Krommenhoek v. A-Mark Precious Metals, Inc. (In re Bybee)

945 F.2d 309
CourtCourt of Appeals for the Ninth Circuit
DecidedSeptember 27, 1991
DocketNo. 90-35604
StatusPublished
Cited by8 cases

This text of 945 F.2d 309 (Krommenhoek v. A-Mark Precious Metals, Inc. (In re Bybee)) is published on Counsel Stack Legal Research, covering Court of Appeals for the Ninth Circuit primary law. Counsel Stack provides free access to over 12 million legal documents including statutes, case law, regulations, and constitutions.

Bluebook
Krommenhoek v. A-Mark Precious Metals, Inc. (In re Bybee), 945 F.2d 309 (9th Cir. 1991).

Opinion

DAVID R. THOMPSON, Circuit Judge:

Keith D. Bybee, Sr., acting in some instances for his own account and at other times for customers, bought gold and silver, bullion and coins, from A-Mark Pre[311]*311cious Metals (“A-Mark”). Bybee left a substantial amount of the precious metals on deposit with A-Mark. Unknown to By-bee’s customers, A-Mark held a lien on all of this metal to secure amounts owed by Bybee for purchases on margin. The price of silver dropped, and Bybee liquidated his account, selling to A-Mark at the market price all of the precious metals A-Mark then held on deposit. This sale brought over $2 million, but when Bybee’s debt to A-Mark was settled, only some $300,000 remained. Bybee needed much more than this to settle the accounts of his customers. He tried to make up the shortfall by investing in the commodities market. That effort failed, and he filed for protection under the Bankruptcy Act.

The trustee-in-bankruptcy sought to rescind Bybee’s purchases from A-Mark on the ground that these purchases constituted off-exchange future contracts in violation of the Commodity Exchange Act (“CEA”).1 The trustee also sought to recover the value of the precious metals By-bee sold to A-Mark, asserting that the liquidation of the account constituted a fraudulent transfer under 11 U.S.C. §§ 544 and 548.

The bankruptcy court granted summary judgment in favor of A-Mark on the fraudulent transfer claims. After a trial on the trustee’s CEA claim, the bankruptcy court recommended findings of fact and conclusions of law that Bybee’s purchases from A-Mark did not constitute off-exchange futures contracts, and thus did not violate the CEA.

The district court affirmed summary judgment on the fraudulent transfer claims, and adopted the bankruptcy court’s findings of fact on the CEA claim. The district court concluded that no violation of the CEA had occurred because the transactions between Bybee and A-Mark were non-public transactions between commercial parties.

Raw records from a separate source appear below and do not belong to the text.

(* Let $\{Y_t\}$ be the unique stationary solution $Y_t=\sum_{i\ge0}a_i\epsilon_{t-i}$ of $Y_t=\sum_{i=1}^d\phi_iY_{t-i}+\epsilon_t$, with $1-\sum_i\phi_iz^i$ having roots outside the closed unit disk and iid innovations having a Lebesgue density and a finite $\delta$-moment for some $\delta>0$, $\epsilon_t$ independent of $\sigma\{Y_s,s\le t-1\}$. Fix $h\ge1$ and suppose $Y_t,\dots,Y_{t-n+1}$ are observed. Let $\widehat\phi=\widehat\phi(n)$ be an estimator with $\widehat\phi\to\phi$ in probability. With $\Phi=(\phi\ e_1\cdots e_{d-1})$, $\widehat\Phi=(\widehat\phi\ e_1\cdots e_{d-1})$, $\phi(h)=\Phi^he_1$, $\widehat\phi(h)=\widehat\Phi^he_1$, $Z_{t-k}=(Y_{t-k},\dots,Y_{t-k-d+1})^\top$, $\widehat Y_{t+h}(\phi)=\phi(h)^\top Z_t$, $\widehat Y_{t+h}(\widehat\phi)=\widehat\phi(h)^\top Z_t$, define \[ \widehat U_{t+h}=\frac{1}{n-d+1}\sum_{k=0}^{n-d}\mathbb{I}\big(\widehat\phi(h)^\top Z_{t-k}\le \widehat Y_{t+h}(\widehat\phi)\big),\qquad U^*_{t+h}=\mathbb{P}_Z\big(\phi(h)^\top Z\le \widehat Y_{t+h}(\phi)\big), \] where $Z$ is distributed as $Z_t$ and independent of $(Z_t,\widehat\phi)$. If $\widehat Y_{t+h}(\phi)$ has a density with respect to Lebesgue measure, then $\widehat U_{t+h}\to U^*_{t+h}$ in probability as $n\to\infty$.
   Context: $\mathbb{P}_Z$ denotes probability with respect to $Z$ only (i.e. conditional on everything else); $e_1,\dots,e_{d-1}$ are the first standard basis vectors of $\mathbb{R}^d$. *)

theory Defs
  imports "HOL-Probability.Probability" "HOL-Computational_Algebra.Formal_Power_Series"
begin

text \<open>Vectors in R^d are represented as functions nat => real, only indices 0..d-1 matter.
  Index i (0-based) corresponds to the paper's index i+1; so phi i = phi_(i+1).\<close>

text \<open>Phi = (phi e_1 ... e_(d-1)): column 0 is phi, column j (j>=1) is the basis vector
  with 1 at (0-based) position j-1.\<close>
definition companion_mat :: "(nat \<Rightarrow> real) \<Rightarrow> nat \<Rightarrow> nat \<Rightarrow> real" where
  "companion_mat phi i j = (if j = 0 then phi i else if i = j - 1 then 1 else 0)"

definition mat_vec :: "nat \<Rightarrow> (nat \<Rightarrow> nat \<Rightarrow> real) \<Rightarrow> (nat \<Rightarrow> real) \<Rightarrow> nat \<Rightarrow> real" where
  "mat_vec d A v = (\<lambda>i. \<Sum>j<d. A i j * v j)"

definition unit_vec :: "nat \<Rightarrow> nat \<Rightarrow> real" where
  "unit_vec k = (\<lambda>i. if i = k then 1 else 0)"

definition pred_coef :: "nat \<Rightarrow> (nat \<Rightarrow> real) \<Rightarrow> nat \<Rightarrow> nat \<Rightarrow> real" where
  "pred_coef d phi h = (mat_vec d (companion_mat phi) ^^ h) (unit_vec 0)"

definition lin_pred :: "nat \<Rightarrow> (nat \<Rightarrow> real) \<Rightarrow> (int \<Rightarrow> 'a \<Rightarrow> real) \<Rightarrow> int \<Rightarrow> 'a \<Rightarrow> real" where
  "lin_pred d c Y s \<omega> = (\<Sum>i<d. c i * Y (s - int i) \<omega>)"

text \<open>MA(infinity) coefficients a_i: coefficients of 1 / (1 - sum_(i=1)^d phi_i z^i)\<close>
definition ma_coef :: "nat \<Rightarrow> (nat \<Rightarrow> real) \<Rightarrow> nat \<Rightarrow> real" where
  "ma_coef d phi = fps_nth (inverse (1 - (\<Sum>i<d. fps_const (phi i) * fps_X ^ Suc i)))"

definition U_hat :: "nat \<Rightarrow> nat \<Rightarrow> (nat \<Rightarrow> 'a \<Rightarrow> nat \<Rightarrow> real) \<Rightarrow> (int \<Rightarrow> 'a \<Rightarrow> real) \<Rightarrow> int \<Rightarrow> nat \<Rightarrow> 'a \<Rightarrow> real" where
  "U_hat d h phihat Y t n \<omega> =
     (1 / real (n - d + 1)) *
     (\<Sum>k\<in>{0..n - d}. if lin_pred d (pred_coef d (phihat n \<omega>) h) Y (t - int k) \<omega>
                          \<le> lin_pred d (pred_coef d (phihat n \<omega>) h) Y t \<omega> then 1 else 0)"

definition U_star :: "'a measure \<Rightarrow> nat \<Rightarrow> nat \<Rightarrow> (nat \<Rightarrow> real) \<Rightarrow> (int \<Rightarrow> 'a \<Rightarrow> real) \<Rightarrow> int \<Rightarrow> 'a \<Rightarrow> real" where
  "U_star M d h phi Y t \<omega> =
     measure (distr M (PiM {..<d} (\<lambda>_. borel)) (\<lambda>\<omega>'. \<lambda>i\<in>{..<d}. Y (t - int i) \<omega>'))
       {z \<in> space (PiM {..<d} (\<lambda>_. (borel :: real measure))).
          (\<Sum>i<d. pred_coef d phi h i * z i) \<le> lin_pred d (pred_coef d phi h) Y t \<omega>}"

definition conv_prob :: "'a measure \<Rightarrow> (nat \<Rightarrow> 'a \<Rightarrow> real) \<Rightarrow> ('a \<Rightarrow> real) \<Rightarrow> bool" where
  "conv_prob M X L \<longleftrightarrow>
     (\<forall>e>0. (\<lambda>n. measure M {\<omega> \<in> space M. e < \<bar>X n \<omega> - L \<omega>\<bar>}) \<longlonglongrightarrow> 0)"

definition conv_prob_vec :: "'a measure \<Rightarrow> nat \<Rightarrow> (nat \<Rightarrow> 'a \<Rightarrow> nat \<Rightarrow> real) \<Rightarrow> (nat \<Rightarrow> real) \<Rightarrow> bool" where
  "conv_prob_vec M d X c \<longleftrightarrow>
     (\<forall>e>0. (\<lambda>n. measure M {\<omega> \<in> space M. e < sqrt (\<Sum>i<d. (X n \<omega> i - c i)^2)}) \<longlonglongrightarrow> 0)"

end

theory Submission
  imports Defs
begin

text \<open>
  Write c = phi(h) and F for the distribution function of c' Z_t, so that U*_(t+h) = F(c' Z_t).
  Since Y is a fixed measurable functional of the shifted iid innovation sequence, it is strictly
  stationary. Truncating the MA(infinity) series at lag m makes the indicators of
  c' Z_(t-k) <= y (m+d)-dependent, up to an L1 error that vanishes as m grows because F has no
  atoms; a second-moment bound then gives a weak law of large numbers: the empirical distribution
  function of the c' Z_(t-k) converges in probability to F at every point, hence, by monotonicity
  and a finite grid, uniformly on compact intervals. Replacing c by the consistent estimate
  phihat(h) moves each c' Z_(t-k) by at most |phihat(h) - c|_1 |Z_(t-k)|_1, so Uhat_(t+h) is
  sandwiched between the empirical distribution function at c' Z_t - r and at c' Z_t + r, up to
  the fraction of large |Z_(t-k)|_1, which is small by Markov's inequality.

  Only the MA(infinity) representation with iid innovations, the consistency of the estimator and
  the density of Yhat_(t+h)(phi) are used; the root condition, the moment and density conditions
  on the innovations, the AR recursion and the independence of eps_t from the past are what
  guarantee that representation in the paper.
\<close>

lemma tendsto_zero_if_eventually_le_small:
  fixes x :: "nat \<Rightarrow> real"
  assumes nonneg: "\<And>n. 0 \<le> x n"
    and small: "\<And>\<zeta>. \<zeta> > 0 \<Longrightarrow> \<exists>b. b \<longlonglongrightarrow> 0 \<and> (\<forall>\<^sub>F n in sequentially. x n \<le> \<zeta> + b n)"
  shows "x \<longlonglongrightarrow> 0"
proof (rule order_tendstoI)
  fix a :: real assume "0 < a"
  then obtain b where "b \<longlonglongrightarrow> 0" and le: "\<forall>\<^sub>F n in sequentially. x n \<le> a / 2 + b n"
    using small[of "a / 2"] by auto
  then have "\<forall>\<^sub>F n in sequentially. b n < a / 2"
    using \<open>0 < a\<close> by (intro order_tendstoD(2)) auto
  with le show "\<forall>\<^sub>F n in sequentially. x n < a"
    by eventually_elim auto
qed (metis always_eventually nonneg order_less_le_trans)

lemma tendsto_zero_of_le_add_inverse:
  fixes x a B :: "nat \<Rightarrow> real"
  assumes "\<And>N. 0 \<le> x N" "\<And>m N. 0 < N \<Longrightarrow> x N \<le> a m + B m / real N" "a \<longlonglongrightarrow> 0"
  shows "x \<longlonglongrightarrow> 0"
proof (rule tendsto_zero_if_eventually_le_small[OF assms(1)])
  fix \<zeta> :: real assume "0 < \<zeta>"
  then have "\<forall>\<^sub>F m in sequentially. a m < \<zeta>"
    using \<open>a \<longlonglongrightarrow> 0\<close> by (rule order_tendstoD(2)[rotated])
  then obtain m where "a m < \<zeta>"
    by (meson eventually_sequentially order.refl)
  have lim: "(\<lambda>N. B m * inverse (real N)) \<longlonglongrightarrow> B m * 0"
    by (intro tendsto_intros tendsto_inverse_0_at_top filterlim_real_sequentially)
  have "x N \<le> \<zeta> + B m * inverse (real N)" if "0 < N" for N
    using assms(2)[OF that, of m] \<open>a m < \<zeta>\<close> by (simp add: divide_inverse)
  then have "\<forall>\<^sub>F N in sequentially. x N \<le> \<zeta> + B m * inverse (real N)"
    by (rule eventually_mono[OF eventually_gt_at_top[of 0]])
  with lim show "\<exists>b. b \<longlonglongrightarrow> 0 \<and> (\<forall>\<^sub>F N in sequentially. x N \<le> \<zeta> + b N)"
    by auto
qed

lemma tendsto_of_bool_le:
  fixes f :: "nat \<Rightarrow> real"
  assumes "f \<longlonglongrightarrow> x" "x \<noteq> y"
  shows "(\<lambda>m. of_bool (f m \<le> y) :: real) \<longlonglongrightarrow> of_bool (x \<le> y)"
proof (cases "x < y")
  case True
  then have "\<forall>\<^sub>F m in sequentially. f m < y"
    by (rule order_tendstoD(2)[OF assms(1)])
  then show ?thesis
    using True by (intro tendsto_eventually) (auto elim: eventually_mono)
next
  case False
  then have "\<forall>\<^sub>F m in sequentially. y < f m"
    using assms(2) by (intro order_tendstoD(1)[OF assms(1)]) auto
  then show ?thesis
    using False assms(2) by (intro tendsto_eventually) (auto elim: eventually_mono)
qed

lemma conv_prob_cong_AE:
  assumes "AE \<omega> in M. \<forall>n. X n \<omega> = X' n \<omega>" "AE \<omega> in M. L \<omega> = L' \<omega>"
    and [measurable]: "\<And>n. X n \<in> borel_measurable M" "\<And>n. X' n \<in> borel_measurable M"
      "L \<in> borel_measurable M" "L' \<in> borel_measurable M"
  shows "conv_prob M X L \<longleftrightarrow> conv_prob M X' L'"
proof -
  have "measure M {\<omega> \<in> space M. e < \<bar>X n \<omega> - L \<omega>\<bar>} = measure M {\<omega> \<in> space M. e < \<bar>X' n \<omega> - L' \<omega>\<bar>}"
    for e n
    using assms(1,2) by (intro measure_eq_AE) auto
  then show ?thesis
    unfolding conv_prob_def by simp
qed

lemma abs_integral_le_integral:
  fixes f g :: "'a \<Rightarrow> real"
  assumes "integrable M f" "integrable M g" "\<And>x. x \<in> space M \<Longrightarrow> \<bar>f x\<bar> \<le> g x"
  shows "\<bar>integral\<^sup>L M f\<bar> \<le> integral\<^sup>L M g"
proof -
  have "\<bar>integral\<^sup>L M f\<bar> \<le> (\<integral>x. \<bar>f x\<bar> \<partial>M)"
    using integral_norm_bound[of M f] by simp
  also have "\<dots> \<le> integral\<^sup>L M g"
    using assms by (intro integral_mono) auto
  finally show ?thesis .
qed

lemma (in prob_space) integrable_unit_interval:
  fixes f :: "'a \<Rightarrow> real"
  assumes "f \<in> borel_measurable M" "\<And>x. x \<in> space M \<Longrightarrow> \<bar>f x\<bar> \<le> 1"
  shows "integrable M f"
  using assms by (intro integrable_const_bound[where B=1]) auto

lemma (in prob_space) tail_prob_less:
  assumes [measurable]: "f \<in> borel_measurable M" and "0 < p"
  obtains R :: nat where "prob {\<omega> \<in> space M. real R < f \<omega>} < p"
proof -
  have "(\<lambda>n. prob {\<omega> \<in> space M. real n < f \<omega>}) \<longlonglongrightarrow> prob (\<Inter>n. {\<omega> \<in> space M. real n < f \<omega>})"
    by (rule Lim_measure_decseq) (auto intro!: decseq_SucI simp: emeasure_eq_measure)
  moreover have "(\<Inter>n. {\<omega> \<in> space M. real n < f \<omega>}) = {}"
    by auto (meson less_asym reals_Archimedean2)
  ultimately have "\<forall>\<^sub>F n in sequentially. prob {\<omega> \<in> space M. real n < f \<omega>} < p"
    using \<open>0 < p\<close> by (intro order_tendstoD(2)) auto
  then obtain R :: nat where "prob {\<omega> \<in> space M. real R < f \<omega>} < p"
    by (meson eventually_sequentially order.refl)
  then show thesis
    by (rule that)
qed

lemma (in prob_space) prob_eq_zero_of_distributed:
  assumes "distributed M lborel X f"
  shows "prob {\<omega> \<in> space M. X \<omega> = y} = 0"
proof -
  have [measurable]: "X \<in> borel_measurable M" "f \<in> borel_measurable lborel"
    and law: "distr M lborel X = density lborel f"
    using assms by (auto simp: distributed_def)
  have "AE x in lborel. x \<in> {y} \<longrightarrow> f x = 0"
    using AE_lborel_singleton[of y] by eventually_elim auto
  then have "measure (distr M lborel X) {y} = 0"
    unfolding law by (simp add: null_sets_density_iff measure_eq_0_null_sets)
  then show ?thesis
    by (simp add: measure_distr vimage_def Int_def conj_commute)
qed

lemma (in prob_space) continuous_prob_le_of_no_atoms:
  fixes X :: "'a \<Rightarrow> real"
  assumes [measurable]: "X \<in> borel_measurable M"
    and no_atom: "\<And>y. prob {\<omega> \<in> space M. X \<omega> = y} = 0"
  shows "continuous_on UNIV (\<lambda>y. prob {\<omega> \<in> space M. X \<omega> \<le> y})"
proof -
  have "real_distribution (distr M borel X)"
    by simp
  then have isCont_cdf: "isCont (cdf (distr M borel X)) y \<longleftrightarrow> measure (distr M borel X) {y} = 0" for y
    by (intro finite_borel_measure.isCont_cdf real_distribution.finite_borel_measure_M)
  have "prob {\<omega> \<in> space M. X \<omega> \<le> y} = cdf (distr M borel X) y"
    "prob {\<omega> \<in> space M. X \<omega> = y} = measure (distr M borel X) {y}" for y
    unfolding cdf_def by (simp_all add: measure_distr vimage_def Int_def conj_commute)
  then show ?thesis
    using no_atom isCont_cdf by (auto intro!: continuous_at_imp_continuous_on)
qed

We have jurisdiction under 28 U.S.C. §§ 158(c) and 1291. We affirm in part and remand for further proceedings to award attorney fees to A-Mark for the defense of the fraudulent transfer claims, for which Idaho state law provides the rule of decision, but not for the defense of the claims resolved under federal law.

FACTS

Bybee began buying silver from A-Mark in 1979. He resold the silver to his customers, earning a commission on the sales. Initially, Bybee bought no precious metals from A-Mark unless he had first made arrangements for its resale to one of his retail customers. Later, he bought precious metals for his own account as well as for his customers.

Bybee bought precious metals from A-Mark pursuant to a form Trading Agreement. This Agreement provided for two types of transactions: “Immediate Delivery Sales and Purchases” and “Deferred Delivery (margin) Sales.” Until April of 1982, most of the purchases involved in this appeal took the form of Immediate Delivery Sales.

In an Immediate Delivery Sale, A-Mark required Bybee to pay cash in full within 48 hours of the purchase. A-Mark then delivered the goods to Bybee or Bybee’s customer. When A-Mark bought metal from Bybee, Bybee was required to deliver the metal to A-Mark within five days. From 1979 until April of 1982, 98% of these transactions resulted in the physical delivery of precious metal to Bybee or his customers.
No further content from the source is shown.